* [DATA IN THIS EXERCISE]:
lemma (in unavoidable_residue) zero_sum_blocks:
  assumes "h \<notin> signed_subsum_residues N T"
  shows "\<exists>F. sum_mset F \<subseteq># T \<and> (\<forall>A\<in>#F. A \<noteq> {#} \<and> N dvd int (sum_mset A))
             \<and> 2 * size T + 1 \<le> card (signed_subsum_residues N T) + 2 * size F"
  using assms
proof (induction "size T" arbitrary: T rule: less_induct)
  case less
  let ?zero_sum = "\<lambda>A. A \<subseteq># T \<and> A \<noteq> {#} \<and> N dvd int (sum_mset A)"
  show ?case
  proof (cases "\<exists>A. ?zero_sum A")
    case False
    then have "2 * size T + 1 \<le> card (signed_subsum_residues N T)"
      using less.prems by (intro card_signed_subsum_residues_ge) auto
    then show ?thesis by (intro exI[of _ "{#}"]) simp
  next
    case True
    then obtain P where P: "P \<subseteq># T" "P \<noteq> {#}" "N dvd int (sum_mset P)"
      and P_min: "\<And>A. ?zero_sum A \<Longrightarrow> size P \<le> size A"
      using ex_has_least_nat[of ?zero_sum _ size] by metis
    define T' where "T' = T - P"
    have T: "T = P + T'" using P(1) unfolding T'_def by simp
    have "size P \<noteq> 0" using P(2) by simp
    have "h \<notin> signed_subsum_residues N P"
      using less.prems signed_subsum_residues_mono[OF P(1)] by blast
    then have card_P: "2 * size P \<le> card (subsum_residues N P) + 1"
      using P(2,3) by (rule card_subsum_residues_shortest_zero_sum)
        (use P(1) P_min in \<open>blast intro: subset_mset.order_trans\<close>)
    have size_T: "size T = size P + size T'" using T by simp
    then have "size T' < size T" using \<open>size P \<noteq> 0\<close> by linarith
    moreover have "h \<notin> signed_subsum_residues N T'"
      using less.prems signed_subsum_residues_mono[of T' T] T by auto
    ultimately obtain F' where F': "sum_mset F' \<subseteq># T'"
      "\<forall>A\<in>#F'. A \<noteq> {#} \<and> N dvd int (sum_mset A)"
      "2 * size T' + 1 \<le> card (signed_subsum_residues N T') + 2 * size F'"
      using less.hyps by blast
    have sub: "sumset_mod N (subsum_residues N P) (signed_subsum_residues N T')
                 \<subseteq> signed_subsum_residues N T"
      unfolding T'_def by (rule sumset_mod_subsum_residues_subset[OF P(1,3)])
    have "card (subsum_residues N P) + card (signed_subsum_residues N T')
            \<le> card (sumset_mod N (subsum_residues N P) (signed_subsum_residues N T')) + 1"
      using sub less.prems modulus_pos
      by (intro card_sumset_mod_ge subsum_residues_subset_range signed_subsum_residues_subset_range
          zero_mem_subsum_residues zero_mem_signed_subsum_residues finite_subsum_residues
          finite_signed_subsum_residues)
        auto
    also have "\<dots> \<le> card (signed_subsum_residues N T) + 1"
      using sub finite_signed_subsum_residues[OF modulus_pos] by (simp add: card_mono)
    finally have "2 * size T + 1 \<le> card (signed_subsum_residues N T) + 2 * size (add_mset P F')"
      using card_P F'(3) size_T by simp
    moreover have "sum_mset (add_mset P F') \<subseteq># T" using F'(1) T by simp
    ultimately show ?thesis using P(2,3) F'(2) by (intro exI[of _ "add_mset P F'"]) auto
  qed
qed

* [WHAT IS REQUIRED]:
Everything from the line containing "using sub finite_signed_subsum_residues[OF" through the last line of the listing must be reproduced exactly, and no other line.

* [WRITTEN ANSWER]:
      using sub finite_signed_subsum_residues[OF modulus_pos] by (simp add: card_mono)
    finally have "2 * size T + 1 \<le> card (signed_subsum_residues N T) + 2 * size (add_mset P F')"
      using card_P F'(3) size_T by simp
    moreover have "sum_mset (add_mset P F') \<subseteq># T" using F'(1) T by simp
    ultimately show ?thesis using P(2,3) F'(2) by (intro exI[of _ "add_mset P F'"]) auto
  qed
qed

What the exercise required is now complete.